Please tell me why we just dont hand them a Poise pad or even a toddler's pampers diaper to urinate easily, cleanly and comfortably? I have used both in emergency situations and they work AMAZING!!! Why O why are we still using bedpans for women?!?!?!
and lastly, wow... really quick to attack, I was under the impression that asking a simple question I would get some ideas from experienced nurses... Maybe I should just look someplace else.
I've always hated having to use a bedpan for a patient - talk about torture for the patient in pain!! I'm with you on finding another option and don't think your idea is bad at all.
I HATE bedpans....fracture pans are about as good as dust pans.
I agree!
Dignity for one. Think about it this way: Would you like it if we told you you won't have time to use the bathroom while working so you may as well just wear a diaper instead of going to the toilet?
How dignified is it to use a bedpan?
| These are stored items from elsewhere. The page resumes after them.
lemma occ_at_replace_at_iff:
  assumes "occ_at Q P a" and "replace_unambiguous Q Q' S q"
  shows "occ_at P S p \<longleftrightarrow> occ_at (replace_at a Q Q' P) (replace_at q Q Q' S) p"
proof
  assume "occ_at P S p"
  then show "occ_at (replace_at a Q Q' P) (replace_at q Q Q' S) p"
    using occ_at_replace_at[OF assms(1)] occ_at_trans[OF assms(1)] assms(2)
    by (metis replace_unambiguous_def)
next
  let ?P' = "replace_at a Q Q' P" and ?S' = "replace_at q Q Q' S"
  assume occ: "occ_at ?P' ?S' p"
  have Q': "occ_at Q' ?P' a" using assms(1) by (rule occ_at_replace_at_self)
  have "replace_at (p + a) Q' Q ?S' = S"
    using occ_at_trans[OF Q' occ] assms(2) by (simp add: replace_unambiguous_def)
  then show "occ_at P S p"
    using occ_at_replace_at[OF Q' occ, of Q] replace_at_inverse[OF assms(1)] by simp
qed

definition has_period :: "'a list \<Rightarrow> nat \<Rightarrow> bool" where
  "has_period X d \<longleftrightarrow> drop d X = take (length X - d) X"

lemma has_period_nth: "has_period X d \<longleftrightarrow> (\<forall>i. i + d < length X \<longrightarrow> X ! (i + d) = X ! i)"
  unfolding has_period_def list_eq_iff_nth_eq by (auto simp: add.commute)

lemma is_period_iff_has_period: "is_period X d \<longleftrightarrow> 0 < d \<and> d \<le> length X \<and> has_period X d"
  unfolding is_period_def has_period_nth by auto

lemma has_period_map_iff: "inj f \<Longrightarrow> has_period (map f X) d \<longleftrightarrow> has_period X d"
  unfolding has_period_def by (simp add: drop_map take_map)

lemma has_period_drop:
  assumes "has_period X d"
  shows "has_period (drop k X) d"
  unfolding has_period_nth
proof (intro allI impI)
  fix i assume "i + d < length (drop k X)"
  then show "drop k X ! (i + d) = drop k X ! i"
    using assms unfolding has_period_nth by (simp add: add.assoc[symmetric])
qed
I've always thought that along with being torturous it is very undignified for a patient to lay in their own urine/feces on top of a bedpan. Then trying to get that pan out from under the patient when it is full of urine or feces? Still the potential for mess-making.
Yes, women do get short-shrift here . . . . . invent away folks! We need good ideas.
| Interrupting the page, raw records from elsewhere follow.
text \<open>Count ordered independent h-tuples. A k-dimensional subspace contains
  \<open>\<Prod>i<h. q^k - q^i\<close> of them and the whole space \<open>\<Prod>i<h. q^n - q^i\<close>. If \<alpha> codewords
  contained a common independent h-tuple, their span would have dimension at most
  \<open>h + \<alpha>(k - h) < k + \<delta>\<close> by the choice of h, so every tuple lies in at most \<open>\<alpha> - 1\<close>
  codewords. Double counting pairs (codeword, tuple inside it) gives
  \<open>|C| \<Prod>i<h. (q^k - q^i) \<le> (\<alpha> - 1) \<Prod>i<h. (q^n - q^i)\<close>, which is the claim.\<close>

lemma card_span_independent:
  fixes B :: "('a::{finite,field}^'n) set"
  assumes "vec.independent B"
  shows "card (vec.span B) = CARD('a) ^ card B"
proof -
  have "finite B" by simp
  then show ?thesis using assms
  proof (induction B rule: finite_induct)
    case empty then show ?case by simp
  next
    case (insert x F)
    have indF: "vec.independent F" and xF: "x \<notin> vec.span F"
      using insert.prems insert.hyps by (auto simp: vec.independent_insert)
    let ?f = "\<lambda>(a, s). a *s x + s"
    have span_eq: "vec.span (insert x F) = ?f ` (UNIV \<times> vec.span F)"
    proof (auto simp: vec.span_insert)
      fix y c assume "y - c *s x \<in> vec.span F"
      then show "y \<in> ?f ` (UNIV \<times> vec.span F)"
        by (intro image_eqI[where x="(c, y - c *s x)"]) auto
    next
      fix a s assume "s \<in> vec.span F"
      then show "\<exists>c. a *s x + s - c *s x \<in> vec.span F" by (intro exI[where x=a]) simp
    qed
    have "inj_on ?f (UNIV \<times> vec.span F)"
    proof (rule inj_onI, clarsimp)
      fix a s b t assume "s \<in> vec.span F" "t \<in> vec.span F" and e: "a *s x + s = b *s x + t"
      moreover have "(a - b) *s x = t - s"
        using e by (simp add: algebra_simps vector_sadd_rdistrib vector_ssub_ldistrib)
      ultimately have in_span: "(a - b) *s x \<in> vec.span F" by (simp add: vec.span_diff)
      have "a = b"
      proof (rule ccontr)
        assume "a \<noteq> b"
        then have "x = inverse (a - b) *s ((a - b) *s x)"
          by (metis vector_smult_assoc left_inverse right_minus_eq vector_smult_lid)
        then show False using xF vec.span_scale[OF in_span] by metis
      qed
      then show "a = b \<and> s = t" using e by simp
    qed
    then have "card (vec.span (insert x F)) = CARD('a) * card (vec.span F)"
      unfolding span_eq by (simp add: card_image card_cartesian_product)
    then show ?case using insert indF by simp
  qed
qed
I agree it can be tough to use bedpans. I think the suggestions of baby power and barrier cream were helpful. It is just as painful for men when they need to have a BM. As a patient I would still take a bedpan over a rectal tube or catheter. Perhaps as a group we could all invent something and retire high and dry ?
Have you looked into the option of female urinals? Could be a good option for your patients.
You know. when I first heard of these I thought it sounded like a great idea. Unfortunately, I have never, never, never seen one that actually works in a supine patient, i.e., that catches all the urine reliably. There's always a puddle where it leaks posteriorly.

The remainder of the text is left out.